The second change is to the border of the survey: it no longer goes away, is a different color, and is slightly higher. It's still challenging when the survey bounding boxes overlap, but I definitely get less lost in situations like those shown here where one survey has 18 BAG files.



Here is the super simple imagemagick bash script to write the circles and numbers to an icon image:
#!/usr/bin/env bash
in=survey-icon-66x66.png

count=1
while [[ $count -le 9 ]]; do
    convert -fill brown -draw "circle 51,51 61,61" -fill white -pointsize 20 -annotate +46+59 $count $in survey-icon-66x66-$count.png
    let count=$count+1
done

count=10
while [[ $count -le 30 ]]; do
    convert -fill brown -draw "circle 51,51 61,61" -fill white -pointsize 20 -annotate +40+59 $count $in survey-icon-66x66-$count.png
    let count=$count+1
done

Posted by Kurt | Permalink

05.29.2010 17:38

Handling large number of BAGs in a Survey

I'm working back through NOAA's published BAG archive as fast as I can. In my December 2009 take on things, I had one bounding box and icon per bag file that I got from NGDC's server. I have 2059 bag files, but only 406 surveys. I am using an idea I picked up from Trey's work at NASA Ames. When you are zoomed out, I present an icon from the Survey and hide all the individual bags. I've created a small database of the bags, so it is trivial to get the over all bounding box for the survey. The one feature I am missing that Trey had for his photo viewer is a count on the icon of the number of bags that are being hidden. I think that is outside of the scope for the time that I have (e.g. negative 1 day)



As you zoom in, the Region control in the KML switches the view over to the individual bags. I use the same icon, but inverted



I have also switched my code to use the UTM bounding box. I never saw the tiled bathymetry out of place, but some of the geographic bounding boxes were off by multiple degrees. I am not seeing any more crazy survey bounding boxes in my quick look. Example delta degrees between the Metdata Geographic and UTM coordinate (when projected back to geographic of course):
bag file, deltas     x_min    y_min    x_max    y_max
H11536_1_of_4       0.9380  -6.5251   0.1306  -7.3478
H11554_1_of_1_BAG   0.2377  -8.0011  -0.5709  -8.7929
H11555_1_of_1       0.1354  -8.1659  -0.6326  -8.9748
H11612_1_of_2     -14.7299 -16.4563 -15.6013 -17.3354
Those are the worst ones. The nice thing is that the venders are writing info about their software (not correctly, but there are only a few), so I can noticify the software vendor.

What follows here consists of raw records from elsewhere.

(* Let $n\ge1$ and let $\omega\in\mathbb{R}^n$ be non-resonant (i.e. $\langle k,\omega\rangle\notin\mathbb{Z}$ for all $k\in\mathbb{Z}^n\setminus\{0\}$). Suppose there exist $\tau\in\left[0,\frac{1}{n-1}\right)$ (with $\left[0,\frac{1}{n-1}\right)=[0,\infty)$ if $n=1$) and $C>0$ such that $T_{i+1}(\omega)\le C\,T_i(\omega)^{1+\tau}$ for all $i\ge0$. Then there is a constant $D>0$ such that for every $k\in\mathbb{Z}^n\setminus\{0\}$, $$\|\langle k,\omega\rangle\|_{\mathbb{Z}}\ge D\,|k|^{-(1+\mu)n},\qquad\text{where }\ \mu=\frac{n\tau}{n-(n-1)(1+\tau)}.$$
   Context: For $k\in\mathbb{Z}^n$, $|k|=\max_i|k_i|$; for $x\in\mathbb{R}$, $\|x\|_{\mathbb{Z}}=\min_{m\in\mathbb{Z}}|x-m|$; for $v\in\mathbb{R}^n$, $\|v\|_{\mathbb{Z}}=\min_{m\in\mathbb{Z}^n}|v-m|$. The periods of $\omega$ are $T_0(\omega)=1$ and $T_{i+1}(\omega)=\min\{T\in\mathbb{N},\,T\ge1:\|T\omega\|_{\mathbb{Z}}<\|T_i(\omega)\omega\|_{\mathbb{Z}}\}$ (all defined since $\omega$ is non-resonant). *)

theory Defs
  imports "HOL-Analysis.Analysis"
begin

definition int_supnorm :: "int ^ 'n \<Rightarrow> int" where
  "int_supnorm k = Max (range (\<lambda>i. \<bar>k $ i\<bar>))"

definition ipair :: "int ^ 'n \<Rightarrow> real ^ 'n \<Rightarrow> real" where
  "ipair k w = (\<Sum>i\<in>UNIV. of_int (k $ i) * w $ i)"

definition zdist :: "real \<Rightarrow> real" where
  "zdist x = (INF m::int. \<bar>x - of_int m\<bar>)"

definition vzdist :: "real ^ 'n \<Rightarrow> real" where
  "vzdist v = (INF m::int ^ 'n. Max (range (\<lambda>i. \<bar>v $ i - of_int (m $ i)\<bar>)))"

definition non_resonant :: "real ^ 'n \<Rightarrow> bool" where
  "non_resonant w \<longleftrightarrow> (\<forall>k::int ^ 'n. k \<noteq> 0 \<longrightarrow> ipair k w \<notin> \<int>)"

primrec periods :: "real ^ 'n \<Rightarrow> nat \<Rightarrow> nat" where
  "periods w 0 = 1"
| "periods w (Suc i) =
     (LEAST T::nat. T \<ge> 1 \<and> vzdist (real T *\<^sub>R w) < vzdist (real (periods w i) *\<^sub>R w))"

end

theory Submission
  imports Defs
begin

text \<open>
  Let \<open>\<epsilon> = \<parallel>\<langle>k,\<omega>\<rangle>\<parallel>\<close> and choose \<open>j\<close> with \<open>T\<^sub>j \<epsilon> \<le> 1/2 < T\<^sub>j\<^sub>+\<^sub>1 \<epsilon>\<close>. As \<open>T\<^sub>j \<epsilon> \<le> 1/2\<close>,
  no integer is closer to \<open>\<langle>k, T\<^sub>j \<omega>\<rangle>\<close> than \<open>T\<^sub>j \<epsilon>\<close>; taking the integer \<open>\<langle>k,m\<rangle>\<close> for a lattice
  point \<open>m\<close> nearest to \<open>T\<^sub>j \<omega>\<close> gives \<open>T\<^sub>j \<epsilon> \<le> n |k| \<parallel>T\<^sub>j \<omega>\<parallel>\<close>. Minimality of \<open>T\<^sub>j\<^sub>+\<^sub>1\<close>
  combined with Dirichlet's theorem gives \<open>\<parallel>T\<^sub>j \<omega>\<parallel> \<le> 2 T\<^sub>j\<^sub>+\<^sub>1\<^sup>-\<^sup>1\<^sup>/\<^sup>n\<close>, and the growth
  hypothesis gives \<open>T\<^sub>j \<ge> (T\<^sub>j\<^sub>+\<^sub>1/C)\<^sup>1\<^sup>/\<^sup>(\<^sup>1\<^sup>+\<^sup>\<tau>\<^sup>)\<close>. Eliminating \<open>T\<^sub>j\<close> and using
  \<open>T\<^sub>j\<^sub>+\<^sub>1 > 1/(2\<epsilon>)\<close> bounds \<open>\<epsilon>\<^sup>1\<^sup>-\<^sup>b\<close> with \<open>b = 1/n + 1/(1+\<tau>)\<close>; the hypothesis
  \<open>\<tau> < 1/(n-1)\<close> says exactly that \<open>b > 1\<close>.
\<close>

lemma abs_sub_round_le_half: "\<bar>x - of_int (round x)\<bar> \<le> (1/2::real)"
  using of_int_round_abs_le[of x] by (simp add: abs_minus_commute)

It will be critical to create ERRATA sheets, so that we know what kind of bugs are likely to be present in the archived data.

There is also the possibility of a Caris generated GML export that I just found out about yesterday. Here is an example boundry created by running this gdal command:
ogr2ogr -f kml survey.kml caris_survey.gml

Posted by Kurt | Permalink

05.29.2010 13:28

handling xml data with namespaces with lxml

I don't know why I never got this before. Perhaps it's because I find namespace handling overly awkward with the local alias to a large url. But I've finally used it and it works. I can live with this and stop being bad... usually, my first pass through an XML dataset is to rip out the namespaces. Yeah, that's bad practice and I promise to stop being bad (at least in this little way). First the GML section of the BAG metadata:
<?xml version="1.0"?>
<smXML:MD_Metadata 
  xmlns:smXML="http://metadata.dgiwg.org/smXML"
  xmlns:xlink="http://www.w3.org/1999/xlink"
  xmlns:xsi="http://www.w3.org/2001/XMLSchema-instance"
  xmlns:gml="http://www.opengis.net/gml">
<!-- ... -->
  <spatialRepresentationInfo>
    <smXML:MD_Georectified>
      <cornerPoints>
        <gml:Point>
          <gml:coordinates decimal="." cs="," ts=" ">427393.74,4085752.56 433314.44,4090295.74</gml:coordinates>
        </gml:Point>
      </cornerPoints>
    </smXML:MD_Georectified>
  </spatialRepresentationInfo>
<!-- ... -->
</smXML:MD_Metadata>
Now using xpath to pull these GML UTM coordinates out of the metadata looks like this:
#!/usr/bin/env python
import h5py
from lxml import etree 

f = h5py.File(infile_name)

bag_root = f['/BAG_root']
metadata_xml = ''.join(bag_root['metadata'])
root = etree.XML(metadata_xml.replace('smXML:','')) # Me being bad with namespaces

utm_coords = root.xpath('//*/gml:coordinates', namespaces={'gml':"http://www.opengis.net/gml"})[0].text
Now the question come... how do you handle if there are many different URLs that are likely to encode the same info (e.g. KML)? Do I have to create detection code that knows exact matches or can get if the namespace is basically the same?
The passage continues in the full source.